# Humanities & Anthropology > History & Civilisations >  Religion in Normandy

## motatalea

1-Do modern day population of Normandy provincess in France follow the protostant denomination or catholoic denomination?

2-I know that Normans affected strongly in english language ,so did they affect strongly also in law ,religion and culture of england?I mean modern english language is mix of Anglo-saxons and Normans,soooooo do the law,culture of modern day england is mix of anglo-saxon and norman ones?

----------


## Maciamo

1. Catholic, but few people care about religion in France these days.

2. Modern day England has evolved a lot since Anglo-Saxon and Norman times. However the government and legal system is based on the Norman one, not the Anglo-Saxon. The language is mixed. Both were Christians before the Norman invasion.

----------


## Michel Gilson

Unfortunately not only France but most of Europe cares little for religion.
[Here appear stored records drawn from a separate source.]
text \<open>
  With \<open>g t\<close> the first message of a transcript \<open>t\<close>, \<open>fibre_weight g m w\<close> is the subtree of
  transcripts starting with \<open>m\<close>, and \<open>image_weight g Ts w\<close> the first round alone.
\<close>

definition fibre_weight ::
    "('t \<Rightarrow> 'm) \<Rightarrow> 'm \<Rightarrow> ('x \<Rightarrow> bool list \<Rightarrow> 't \<Rightarrow> real) \<Rightarrow> 'x \<Rightarrow> bool list \<Rightarrow> 't \<Rightarrow> real" where
  "fibre_weight g m w x l t = (if g t = m then w x l t else 0)"

definition image_weight ::
    "('t \<Rightarrow> 'm) \<Rightarrow> 't set \<Rightarrow> ('x \<Rightarrow> bool list \<Rightarrow> 't \<Rightarrow> real) \<Rightarrow> 'x \<Rightarrow> bool list \<Rightarrow> 'm \<Rightarrow> real" where
  "image_weight g Ts w x l m = (\<Sum>t\<in>Ts. fibre_weight g m w x l t)"

lemma fibre_weight_nonneg: "0 \<le> w x l t \<Longrightarrow> 0 \<le> fibre_weight g m w x l t"
  by (simp add: fibre_weight_def)

lemma image_weight_nonneg: "(\<And>x l t. 0 \<le> w x l t) \<Longrightarrow> 0 \<le> image_weight g Ts w x l m"
  by (simp add: image_weight_def sum_nonneg fibre_weight_nonneg)

lemma ignorant_part_fibre_weight:
  "ignorant_part j (fibre_weight g m w) = fibre_weight g m (ignorant_part j w)"
  by (simp add: fun_eq_iff ignorant_part_def fibre_weight_def)

lemma ignorant_part_image_weight:
  "ignorant_part j (image_weight g Ts w) = image_weight g Ts (ignorant_part j w)"
  by (simp add: fun_eq_iff ignorant_part_def image_weight_def fibre_weight_def cong: if_cong)

lemma weight_XT_fibre_weight:
  "weight_XT (fibre_weight g m w) Ls x t = (if g t = m then weight_XT w Ls x t else 0)"
  by (simp add: weight_XT_def fibre_weight_def)

lemma weight_XT_image_weight:
  "weight_XT (image_weight g Ts w) Ls x m = (\<Sum>t\<in>Ts. if g t = m then weight_XT w Ls x t else 0)"
proof -
  have "weight_XT (image_weight g Ts w) Ls x m = (\<Sum>t\<in>Ts. weight_XT (fibre_weight g m w) Ls x t)"
    unfolding weight_XT_def image_weight_def by (rule sum.swap)
  then show ?thesis by (simp add: weight_XT_fibre_weight)
qed

lemma weight_X_fibre_weight:
  "weight_X (fibre_weight g m w) Ls Ts x = weight_XT (image_weight g Ts w) Ls x m"
  unfolding weight_X_def weight_XT_image_weight weight_XT_fibre_weight ..

lemma weight_T_fibre_weight:
  "weight_T (fibre_weight g m w) Xs Ls t = (if g t = m then weight_T w Xs Ls t else 0)"
  by (simp add: weight_T_def weight_XT_fibre_weight)

lemma weight_total_fibre_weight:
  "weight_total (fibre_weight g m w) Xs Ls Ts = weight_T (image_weight g Ts w) Xs Ls m"
  unfolding weight_total_def weight_T_def weight_X_fibre_weight ..

lemma ignorance_supported_fibre_weight:
  "ignorance_supported n w Xs Ls Ts \<Longrightarrow> ignorance_supported n (fibre_weight g m w) Xs Ls Ts"
  by (simp add: ignorance_supported_def ignorant_part_fibre_weight weight_XT_fibre_weight)

lemma ignorance_supported_image_weight:
  assumes "finite Ts" and nonneg: "\<And>x l t. 0 \<le> w x l t" and "ignorance_supported n w Xs Ls Ts"
  shows "ignorance_supported n (image_weight g Ts w) Xs Ls Ms"
  unfolding ignorance_supported_def
proof (intro ballI allI impI)
  fix x m j assume x: "x \<in> Xs" and j: "j < n" and pos: "0 < weight_XT (image_weight g Ts w) Ls x m"
  obtain t where t: "t \<in> Ts" "g t = m" "0 < weight_XT w Ls x t"
    using pos sum_nonpos[of Ts "\<lambda>t. if g t = m then weight_XT w Ls x t else 0"]
    by (force simp: weight_XT_image_weight)
  then have "0 < weight_XT (ignorant_part j w) Ls x t"
    using assms(3) x j unfolding ignorance_supported_def by blast
  also have "\<dots> \<le> (\<Sum>t'\<in>Ts. if g t' = m then weight_XT (ignorant_part j w) Ls x t' else 0)"
    using member_le_sum[of t Ts "\<lambda>t'. if g t' = m then weight_XT (ignorant_part j w) Ls x t' else 0"]
      t assms(1) by (simp add: weight_XT_ignorant_part_nonneg nonneg)
  also have "\<dots> = weight_XT (ignorant_part j (image_weight g Ts w)) Ls x m"
    unfolding ignorant_part_image_weight weight_XT_image_weight ..
  finally show "0 < weight_XT (ignorant_part j (image_weight g Ts w)) Ls x m" .
qed

lemma sum_over_fibres:
  assumes "finite Ts" "finite Ms" "g ` Ts \<subseteq> Ms"
  shows "(\<Sum>m\<in>Ms. \<Sum>t\<in>Ts. if g t = m then h m t else 0) = (\<Sum>t\<in>Ts. h (g t) t)"
proof -
  have "(\<Sum>m\<in>Ms. \<Sum>t\<in>Ts. if g t = m then h m t else 0)
      = (\<Sum>t\<in>Ts. \<Sum>m\<in>Ms. if g t = m then h m t else 0)"
    by (rule sum.swap)
  also have "\<dots> = (\<Sum>t\<in>Ts. h (g t) t)"
    using assms by (intro sum.cong refl) (auto simp: sum.delta)
  finally show ?thesis .
qed

locale message_split =
  fixes Xs :: "'x set" and Ls :: "bool list set" and Ts :: "'t set" and Ms :: "'m set"
    and g :: "'t \<Rightarrow> 'm"
  assumes finite_Xs: "finite Xs" and finite_Ts: "finite Ts" and finite_Ms: "finite Ms"
    and maps_into: "g ` Ts \<subseteq> Ms"
begin

lemmas sum_fibres = sum_over_fibres[OF finite_Ts finite_Ms maps_into]

lemma weight_X_image_weight: "weight_X (image_weight g Ts w) Ls Ms x = weight_X w Ls Ts x"
  unfolding weight_X_def weight_XT_image_weight sum_fibres ..

lemma weight_total_image_weight:
  "weight_total (image_weight g Ts w) Xs Ls Ms = weight_total w Xs Ls Ts"
  unfolding weight_total_def weight_X_image_weight ..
The Great Cathedrals of Europe are sadly for the most part empty.

----------


## oriental

Religion came to our ancestors because they were illiterate and the priests scared the hell out of them. In the Himalayas, Darjeeling area they still tell stories of banshees. For 8-year-old that is scary. They start these stories on young kids first.

----------


## binx

> 1-Do modern day population of Normandy provincess in France follow the protostant denomination or catholoic denomination?
> 
> 2-I know that Normans affected strongly in english language ,so did they affect strongly also in law ,religion and culture of england?I mean modern english language is mix of Anglo-saxons and Normans,soooooo do the law,culture of modern day england is mix of anglo-saxon and norman ones?


1) France is proudly a secular state. Anyway, 75% of Normandy residents profess Roman Catholicism according to some statistics. 

2) Yes, English language is mix of Anglo-saxons and Normans, and law, culture of modern day England is mix of anglo-saxon and norman ones.

----------